**Work task**
Only the lines from the one containing "coprime_m1_m2 by simp" through the one containing "u) - int m2" should be printed, exactly as they appear below, with both ends included.

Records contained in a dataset
________________________
text \<open>The partner of a grid parameter is its reflection \<open>t + j\<pi>/m\<^sub>1\<close>, moved back into the period.\<close>
lemma double_point_if_on_grid:
  assumes "t \<in> one_period" "sin (real m2 * t) \<noteq> 0"
    and "even (a + j)" "t = grid (int m1 * a - int m2 * j)"
  obtains s where "s \<in> one_period" "s \<noteq> t" "rose_complex m1 m2 s = rose_complex m1 m2 t"
proof -
  define s0 where "s0 = t + of_int j * pi / real m1"
  have j: "real m1 * (s0 - t) = of_int j * pi" unfolding s0_def using m1_pos by simp
  have t: "2 * real m1 * real m2 * t = of_int (int m1 * a - int m2 * j) * pi"
    using assms(4) m1_pos m2_pos by (simp add: grid_def)
  have "real m1 * (real m2 * (s0 + t)) = 2 * real m1 * real m2 * t + real m2 * (real m1 * (s0 - t))"
    by (simp add: algebra_simps)
  also have "\<dots> = real m1 * (of_int a * pi)" unfolding t j by (simp add: algebra_simps)
  finally have a: "real m2 * (s0 + t) = of_int a * pi" using m1_pos by simp
  obtain e where e: "even ((int m1 + int m2) * e)" "s0 + of_int e * pi \<in> one_period"
    by (rule translate_into_period)
  have "rose_complex m1 m2 (s0 + of_int e * pi) = rose_complex m1 m2 t"
    using rose_complex_translate[OF e(1)] rose_complex_eq_if_reflection[OF a j assms(3)] by simp
  moreover have "s0 + of_int e * pi \<noteq> t"
  proof
    assume "s0 + of_int e * pi = t"
    then have st: "s0 - t = - of_int e * pi" by simp
    then have "of_int j * pi = of_int (- int m1 * e) * pi" using j by simp
    then have "j = - int m1 * e" by (simp only: mult_cancel_right pi_neq_zero of_int_eq_iff simp_thms)
    then have "even (a + int m2 * e)" using assms(3) e(1) by (simp add: algebra_simps)
    then obtain k where k: "a + int m2 * e = 2 * k" by blast
    have "2 * (real m2 * t) = real m2 * (s0 + t) - real m2 * (s0 - t)" by (simp add: algebra_simps)
    also have "\<dots> = of_int a * pi + real m2 * of_int e * pi" using a st by simp
    also have "\<dots> = of_int (a + int m2 * e) * pi" by (simp add: algebra_simps)
    also have "\<dots> = 2 * (of_int k * pi)" using k by simp
    finally have "real m2 * t = of_int k * pi" by simp
    then show False using assms(2) sin_zero_iff_int2 by blast
  qed
  ultimately show thesis using that e(2) by blast
qed

lemma grid_index_iff:
  "(\<exists>a j. even (a + j) \<and> l = int m1 * a - int m2 * j) \<longleftrightarrow> odd (m1 + m2) \<or> even l"
proof
  assume "\<exists>a j. even (a + j) \<and> l = int m1 * a - int m2 * j"
  then obtain a j where aj: "even (a + j)" "l = int m1 * a - int m2 * j" by blast
  have "even l" if ev: "even (m1 + m2)"
  proof -
    obtain p q where "m1 = 2 * p + 1" "m2 = 2 * q + 1" using odd_odd_if_even_sum[OF ev] by (meson oddE)
    then have "l = 2 * (int p * a - int q * j - j) + (a + j)" using aj(2) by (simp add: algebra_simps)
    then show "even l" using aj(1) by simp
  qed
  then show "odd (m1 + m2) \<or> even l" by blast
next
  assume l: "odd (m1 + m2) \<or> even l"
  have "gcd (int m1) (int m2) = 1" using coprime_m1_m2 by simp
  then obtain u v where uv: "u * int m1 + v * int m2 = 1" using bezout_int[of "int m1" "int m2"] by auto
  then have "l = l * (u * int m1 + v * int m2)" by simp
  then have l0: "l = int m1 * (l * u) - int m2 * (- l * v)" by (simp add: algebra_simps)
  txt \<open>Shifting \<open>(a, j)\<close> by \<open>(m\<^sub>2, m\<^sub>1)\<close> keeps \<open>m\<^sub>1a - m\<^sub>2j\<close> and changes the parity
    of \<open>a + j\<close> by that of \<open>m\<^sub>1 + m\<^sub>2\<close>.\<close>
  show "\<exists>a j. even (a + j) \<and> l = int m1 * a - int m2 * j"
  proof (cases "even (l * u + - l * v)")
    case True
    then show ?thesis using l0 by blast
  next
    case False
    have "odd (m1 + m2)"
    proof (rule ccontr)
      assume "\<not> odd (m1 + m2)"
      then obtain p q where pq: "m1 = 2 * p + 1" "m2 = 2 * q + 1" using odd_odd_if_even_sum by (meson oddE)
      have "l * u + - l * v = l - 2 * (int p * (l * u) - int q * (- l * v) - (- l * v))"
        using l0 unfolding pq by (simp add: algebra_simps)
      then show False using False l \<open>\<not> odd (m1 + m2)\<close> by simp
    qed
    then have "odd (int (m1 + m2))" by simp
    then have "even ((l * u + - l * v) + int (m1 + m2))" using False by (simp only: even_add)
    then have "even (l * u + int m2 + (- l * v + int m1))" by (simp add: algebra_simps)
    moreover have "l = int m1 * (l * u + int m2) - int m2 * (- l * v + int m1)"
      using l0 by (simp add: algebra_simps)
    ultimately show ?thesis by blast
  qed
qed

definition double_params :: "real set" where
  "double_params = {t \<in> one_period. cos (real m2 * t) \<noteq> 0 \<and>
     (\<exists>s \<in> one_period. s \<noteq> t \<and> rose_complex m1 m2 s = rose_complex m1 m2 t)}"

definition double_residues :: "int set" where
  "double_residues = {r. 0 < r \<and> r < 2 * int m1 \<and> r \<noteq> int m1 \<and> (odd (m1 + m2) \<or> even r)}"

definition double_indices :: "int set" where
  "double_indices = {l. 0 \<le> l \<and> l < 2 * int m1 * int petals \<and> l mod (2 * int m1) \<in> double_residues}"

lemma double_indices_iff:
  "l \<in> double_indices \<longleftrightarrow> grid l \<in> one_period \<and> \<not> 2 * int m1 dvd l
     \<and> l mod (2 * int m1) \<noteq> int m1 \<and> (odd (m1 + m2) \<or> even l)"
proof -
  have "0 \<le> l mod (2 * int m1)" using m1_pos by simp
  then have "0 < l mod (2 * int m1) \<longleftrightarrow> \<not> 2 * int m1 dvd l" by (auto simp: dvd_eq_mod_eq_0)
  moreover have "even (l mod (2 * int m1)) \<longleftrightarrow> even l"
    using dvd_mod_iff[of 2 "2 * int m1" l] by simp
  ultimately show ?thesis
    using m1_pos pos_mod_bound[of "2 * int m1" l]
    unfolding double_indices_def double_residues_def grid_in_period_iff by auto
qed

lemma double_params_eq: "double_params = grid ` double_indices"
proof (intro equalityI subsetI)
  fix t assume "t \<in> double_params"
  then obtain s where t: "t \<in> one_period" "cos (real m2 * t) \<noteq> 0"
    and s: "s \<in> one_period" "s \<noteq> t" "rose_complex m1 m2 s = rose_complex m1 m2 t"
    unfolding double_params_def by blast
  obtain a j where aj: "even (a + j)" "t = grid (int m1 * a - int m2 * j)"
    using double_point_on_grid[OF s(1) t(1) s(2,3) t(2)] .
  define l where "l = int m1 * a - int m2 * j"
  have "sin (real m2 * t) \<noteq> 0" using sin_ne_0_if_double_point[OF s(1) t(1) s(2,3) t(2)] .
  then have "l \<in> double_indices"
    using t aj grid_index_iff[of l] unfolding double_indices_iff l_def
    by (auto simp: sin_grid_eq_0_iff cos_grid_eq_0_iff)
  then show "t \<in> grid ` double_indices" using aj(2) l_def by blast
next
  fix t assume "t \<in> grid ` double_indices"
  then obtain l where l: "l \<in> double_indices" "t = grid l" by blast
  then have t: "t \<in> one_period" "sin (real m2 * t) \<noteq> 0" "cos (real m2 * t) \<noteq> 0"
    unfolding double_indices_iff by (auto simp: sin_grid_eq_0_iff cos_grid_eq_0_iff)
  obtain a j where aj: "even (a + j)" "l = int m1 * a - int m2 * j"
    using l(1) grid_index_iff[of l] unfolding double_indices_iff by blast
  obtain s where "s \<in> one_period" "s \<noteq> t" "rose_complex m1 m2 s = rose_complex m1 m2 t"
    using double_point_if_on_grid[OF t(1,2) aj(1)] aj(2) l(2) by blast
  then show "t \<in> double_params" unfolding double_params_def using t by blast
qed

lemma finite_double_indices: "finite double_indices"
  unfolding double_indices_def by (rule finite_subset[of _ "{0..<2 * int m1 * int petals}"]) auto

lemma finite_double_params: "finite double_params"
  unfolding double_params_eq using finite_double_indices by simp

lemma card_double_params: "card double_params = petals * card double_residues"
proof -
  have "card double_params = card double_indices"
    unfolding double_params_eq using inj_grid by (simp add: card_image inj_on_subset)
  also have "\<dots> = petals * card double_residues"
    unfolding double_indices_def using m1_pos
    by (intro card_int_range_mod_in) (auto simp: double_residues_def)
  finally show ?thesis .
qed

lemma card_double_residues_odd: "odd (m1 + m2) \<Longrightarrow> card double_residues = 2 * m1 - 2"
proof -
  assume "odd (m1 + m2)"
  then have "double_residues = {1..<2 * int m1} - {int m1}" by (auto simp: double_residues_def)
  then show ?thesis using m1_pos by simp
qed

lemma card_double_residues_even: "even (m1 + m2) \<Longrightarrow> card double_residues = m1 - 1"
proof -
  assume "even (m1 + m2)"
  then have "odd m1" using odd_odd_if_even_sum by blast
  then have "2 * r \<noteq> int m1" for r :: int by (metis dvd_triv_left even_of_nat)
  then have "double_residues = (\<lambda>r. 2 * r) ` {1..<int m1}"
    using \<open>even (m1 + m2)\<close> by (auto simp: double_residues_def elim!: evenE)
  moreover have "inj_on (\<lambda>r::int. 2 * r) {1..<int m1}" by (auto intro: inj_onI)
  ultimately show ?thesis by (simp add: card_image)
qed

section \<open>Double points, centre and boundary\<close>

lemma rho_params_rhodonea:
  "rho_params m1 m2 \<alpha> (rhodonea m1 m2 \<alpha> t)
     = {u \<in> one_period. rose_complex m1 m2 u = rose_complex m1 m2 t}"
  unfolding rho_params_def rhodonea_eq_iff_rose_complex_eq by auto

lemma rhodonea_double_param_ne_centre: "t \<in> double_params \<Longrightarrow> rhodonea m1 m2 \<alpha> t \<noteq> (0,0)"
  by (simp add: double_params_def rhodonea_eq_0_iff)

lemma norm_rhodonea_double_param: "t \<in> double_params \<Longrightarrow> norm (rhodonea m1 m2 \<alpha> t) \<noteq> 1"
  unfolding norm_rhodonea_eq_1_iff double_params_def using sin_ne_0_if_double_point by blast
________________________
**Answer to this problem**
  have "gcd (int m1) (int m2) = 1" using coprime_m1_m2 by simp
  then obtain u v where uv: "u * int m1 + v * int m2 = 1" using bezout_int[of "int m1" "int m2"] by auto
  then have "l = l * (u * int m1 + v * int m2)" by simp
  then have l0: "l = int m1 * (l * u) - int m2 * (- l * v)" by (simp add: algebra_simps)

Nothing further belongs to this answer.